For the foregoing reasons, find no error in the trial court's denial of defendants’ motions for summary judgment and motions in limine. Accordingly, the writ applications are granted and relief is denied.
WRITS GRANTED; RELIEF DENIED
1. This matter was initially brought for expedited consideration, but is now being considered by a regular panel of the Court. The writ applications on the motions for summary judgment and the motions in limine have been consolidated herein.
2. Mrs. Allen was diagnosed with asbestos-related lung cancer in January 2020. She died in November 2020 before the petition was filed.
3. Mr. Allen's Social Security earnings record, showing his employment with Lykes was produced in connection with his deposition
4. Dr. Finkelstein stated in his deposition that “Canadian asbestos is white. Crocidolite asbestos from Australia and South Africa is blue.”

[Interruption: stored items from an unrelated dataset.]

(* For all integers $n \geq k \geq 1$, under the natural bi-partition of inputs (Alice holds $x \in \{0,1\}^n$, Bob holds $y \in \{0,1\}^k$), $R(\operatorname{SSD}_{n,k}) = \Omega(\log k)$.
   Context: $\operatorname{SSD}_{n,k} : \{0,1\}^n \times \{0,1\}^k \to \{0,1\}$ is $1$ iff $y$ is a subsequence of $x$ (there exist indices $i_1 < \dots < i_k$ with $x_{i_j} = y_j$). $R(f)$ is the minimum worst-case number of bits exchanged by a randomized two-party protocol computing $f$ with error probability at most $1/3$ on every input. *)

theory Defs
  imports Complex_Main "HOL-Library.Sublist"
begin

text \<open>Deterministic two-party protocol trees: Alice sees the first argument, Bob the second.
  Each internal node is one bit sent by its owner, computed from that player's view.\<close>
datatype ('a, 'b) ptree =
    Out bool
  | ANode "'a \<Rightarrow> bool" "('a, 'b) ptree" "('a, 'b) ptree"
  | BNode "'b \<Rightarrow> bool" "('a, 'b) ptree" "('a, 'b) ptree"

fun peval :: "('a, 'b) ptree \<Rightarrow> 'a \<Rightarrow> 'b \<Rightarrow> bool" where
  "peval (Out v) x y = v"
| "peval (ANode g l r) x y = (if g x then peval r x y else peval l x y)"
| "peval (BNode g l r) x y = (if g y then peval r x y else peval l x y)"

text \<open>Communication cost = depth of the tree (worst-case number of bits exchanged).\<close>
fun pdepth :: "('a, 'b) ptree \<Rightarrow> nat" where
  "pdepth (Out v) = 0"
| "pdepth (ANode g l r) = Suc (max (pdepth l) (pdepth r))"
| "pdepth (BNode g l r) = Suc (max (pdepth l) (pdepth r))"

text \<open>Private-coin randomized protocol: a deterministic tree where Alice additionally sees her
  private random string ra, drawn uniformly from a finite nonempty set RA, and Bob sees rb drawn
  uniformly and independently from RB.\<close>
definition computes_rand ::
  "('a \<Rightarrow> 'b \<Rightarrow> bool) \<Rightarrow> 'a set \<Rightarrow> 'b set \<Rightarrow> ('a \<times> nat, 'b \<times> nat) ptree \<Rightarrow> nat set \<Rightarrow> nat set \<Rightarrow> bool"
where
  "computes_rand f A B P RA RB \<longleftrightarrow>
     finite RA \<and> RA \<noteq> {} \<and> finite RB \<and> RB \<noteq> {} \<and>
     (\<forall>x\<in>A. \<forall>y\<in>B.
        3 * card {(ra, rb) \<in> RA \<times> RB. peval P (x, ra) (y, rb) \<noteq> f x y} \<le> card RA * card RB)"

definition Rcc :: "('a \<Rightarrow> 'b \<Rightarrow> bool) \<Rightarrow> 'a set \<Rightarrow> 'b set \<Rightarrow> nat" where
  "Rcc f A B = (LEAST c. \<exists>P RA RB. computes_rand f A B P RA RB \<and> pdepth P \<le> c)"

definition SSD :: "bool list \<Rightarrow> bool list \<Rightarrow> bool" where
  "SSD x y \<longleftrightarrow> subseq y x"

definition bitstrings :: "nat \<Rightarrow> bool list set" where
  "bitstrings n = {xs. length xs = n}"

end

(*
  The acceptance probability of a private-coin protocol of depth d is a sum, over the at most
  2^(d+1) accepting transcripts p, of products alpha_p(x) * beta_p(y), where alpha_p(x) and
  beta_p(y) are the probabilities that Alice's resp. Bob's coins are consistent with p (the
  coin pairs producing p form a rectangle). Rounding every beta_p(y) to a multiple of 2^-(d+3)
  moves each acceptance probability by at most 1/4, less than the gap 1/3 between inputs in and
  outside SSD. Two distinct y, y' in {0,1}^k are separated by x = y padded with copies of the
  negated last bit of y', so the rounding is injective on {0,1}^k, whence
  2^k <= (2^(d+4))^(2^(d+1)) and d >= (ln k)/7.
*)
theory Submission
  imports Defs "HOL-Library.FuncSet"
begin

fun transcript :: "('a, 'b) ptree \<Rightarrow> 'a \<Rightarrow> 'b \<Rightarrow> bool list" where
  "transcript (Out v) a b = []"
| "transcript (ANode g l r) a b = g a # transcript (if g a then r else l) a b"
| "transcript (BNode g l r) a b = g b # transcript (if g b then r else l) a b"

fun alice_consistent :: "('a, 'b) ptree \<Rightarrow> 'a \<Rightarrow> bool list \<Rightarrow> bool" where
  "alice_consistent (Out v) a p = (p = [])"
| "alice_consistent (ANode g l r) a [] = False"
| "alice_consistent (ANode g l r) a (c # p) = (g a = c \<and> alice_consistent (if c then r else l) a p)"
| "alice_consistent (BNode g l r) a [] = False"
| "alice_consistent (BNode g l r) a (c # p) = alice_consistent (if c then r else l) a p"

fun bob_consistent :: "('a, 'b) ptree \<Rightarrow> 'b \<Rightarrow> bool list \<Rightarrow> bool" where
  "bob_consistent (Out v) b p = (p = [])"
| "bob_consistent (ANode g l r) b [] = False"
| "bob_consistent (ANode g l r) b (c # p) = bob_consistent (if c then r else l) b p"
| "bob_consistent (BNode g l r) b [] = False"
| "bob_consistent (BNode g l r) b (c # p) = (g b = c \<and> bob_consistent (if c then r else l) b p)"

fun accepts :: "('a, 'b) ptree \<Rightarrow> bool list \<Rightarrow> bool" where
  "accepts (Out v) p = (v \<and> p = [])"
| "accepts (ANode g l r) [] = False"
| "accepts (ANode g l r) (c # p) = accepts (if c then r else l) p"
| "accepts (BNode g l r) [] = False"
| "accepts (BNode g l r) (c # p) = accepts (if c then r else l) p"

lemma consistent_iff_transcript:
  "alice_consistent P a p \<and> bob_consistent P b p \<longleftrightarrow> p = transcript P a b"
proof (induction P arbitrary: p)
  case (ANode g l r)
  then show ?case by (cases p) auto
next
  case (BNode g l r)
  then show ?case by (cases p) auto
qed simp

lemma peval_iff_accepts_transcript: "peval P a b \<longleftrightarrow> accepts P (transcript P a b)"
  by (induction P) auto

lemma length_le_pdepth_if_accepts: "accepts P p \<Longrightarrow> length p \<le> pdepth P"
proof (induction P arbitrary: p)
  case (ANode g l r)
  then show ?case by (cases p) (fastforce simp: le_max_iff_disj split: if_splits)+
next
  case (BNode g l r)
  then show ?case by (cases p) (fastforce simp: le_max_iff_disj split: if_splits)+
qed simp

lemma card_lists_length_le_bool: "card {p :: bool list. length p \<le> d} \<le> 2 ^ (d + 1)"
proof -
  have "(\<Sum>i\<le>d. (2::nat) ^ i) \<le> 2 ^ (d + 1)"
    by (induction d) auto
  then show ?thesis
    using card_lists_length_le[of "UNIV :: bool set" d] by simp
qed

lemma finite_and_card_accepts_le:
  "finite {p. accepts P p} \<and> card {p. accepts P p} \<le> 2 ^ (pdepth P + 1)"
proof -
  have subset: "{p. accepts P p} \<subseteq> {p. length p \<le> pdepth P}"
    using length_le_pdepth_if_accepts by blast
  moreover have finite: "finite {p :: bool list. length p \<le> pdepth P}"
    using finite_lists_length_le[of "UNIV :: bool set" "pdepth P"] by simp
  ultimately have "card {p. accepts P p} \<le> card {p :: bool list. length p \<le> pdepth P}"
    by (rule card_mono[rotated])
  then show ?thesis
    using card_lists_length_le_bool finite subset by (blast intro: order_trans rev_finite_subset)
qed

lemma accepting_coins_eq_UN:
  "{(ra, rb) \<in> RA \<times> RB. peval P (x, ra) (y, rb)} =
    (\<Union>p\<in>{p. accepts P p}.
       {ra \<in> RA. alice_consistent P (x, ra) p} \<times> {rb \<in> RB. bob_consistent P (y, rb) p})"
  (is "?L = ?R")
proof
  show "?L \<subseteq> ?R"
  proof
    fix z assume "z \<in> ?L"
    then obtain ra rb where z: "z = (ra, rb)" "ra \<in> RA" "rb \<in> RB"
      and "peval P (x, ra) (y, rb)"
      by blast
    moreover define p where "p = transcript P (x, ra) (y, rb)"
    moreover have "alice_consistent P (x, ra) p \<and> bob_consistent P (y, rb) p"
      by (simp add: consistent_iff_transcript p_def)
    ultimately show "z \<in> ?R"
      by (auto simp: peval_iff_accepts_transcript)
  qed
  show "?R \<subseteq> ?L"
  proof
    fix z assume "z \<in> ?R"
    then obtain p ra rb where z: "z = (ra, rb)" "ra \<in> RA" "rb \<in> RB" and "accepts P p"
      and consistent: "alice_consistent P (x, ra) p" "bob_consistent P (y, rb) p"
      by blast
    moreover from consistent have "p = transcript P (x, ra) (y, rb)"
      by (rule consistent_iff_transcript[THEN iffD1, OF conjI])
    ultimately show "z \<in> ?L"
      by (simp add: peval_iff_accepts_transcript)
  qed
qed

definition accept_prob ::
  "('a \<times> 'r, 'b \<times> 's) ptree \<Rightarrow> 'r set \<Rightarrow> 's set \<Rightarrow> 'a \<Rightarrow> 'b \<Rightarrow> real" where
  "accept_prob P RA RB x y =
     card {(ra, rb) \<in> RA \<times> RB. peval P (x, ra) (y, rb)} / (card RA * card RB)"

definition alice_weight :: "('a \<times> 'r, 'b) ptree \<Rightarrow> 'r set \<Rightarrow> 'a \<Rightarrow> bool list \<Rightarrow> real" where
  "alice_weight P RA x p = card {ra \<in> RA. alice_consistent P (x, ra) p} / card RA"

5. It was noted that “Mrs. Allen was a lifelong non-smoker. Mr. Allen smoked intermittently, primarily when he spent time with friends. Mr. Allen never smoked inside the house.”
6. Mr. DePasquale reported that “[t]ake home exposure is well recognized in the industrial hygiene community as a pathway exposure. Much of the dust that settles onto the clothing and person of workers is carried home.”
7. Dr. Finkelstein noted in his deposition that Mr. Allen was diagnosed with asbestosis in 1999.
Judge Roland L. Belsome
JENKINS, J., CONCURS IN THE RESULT
Response sent, thank you
Docket No: NO. 2022-C-0386, NO. 2022-C-0387
Decided: August 10, 2022
Court: Court of Appeal of Louisiana, Fourth Circuit.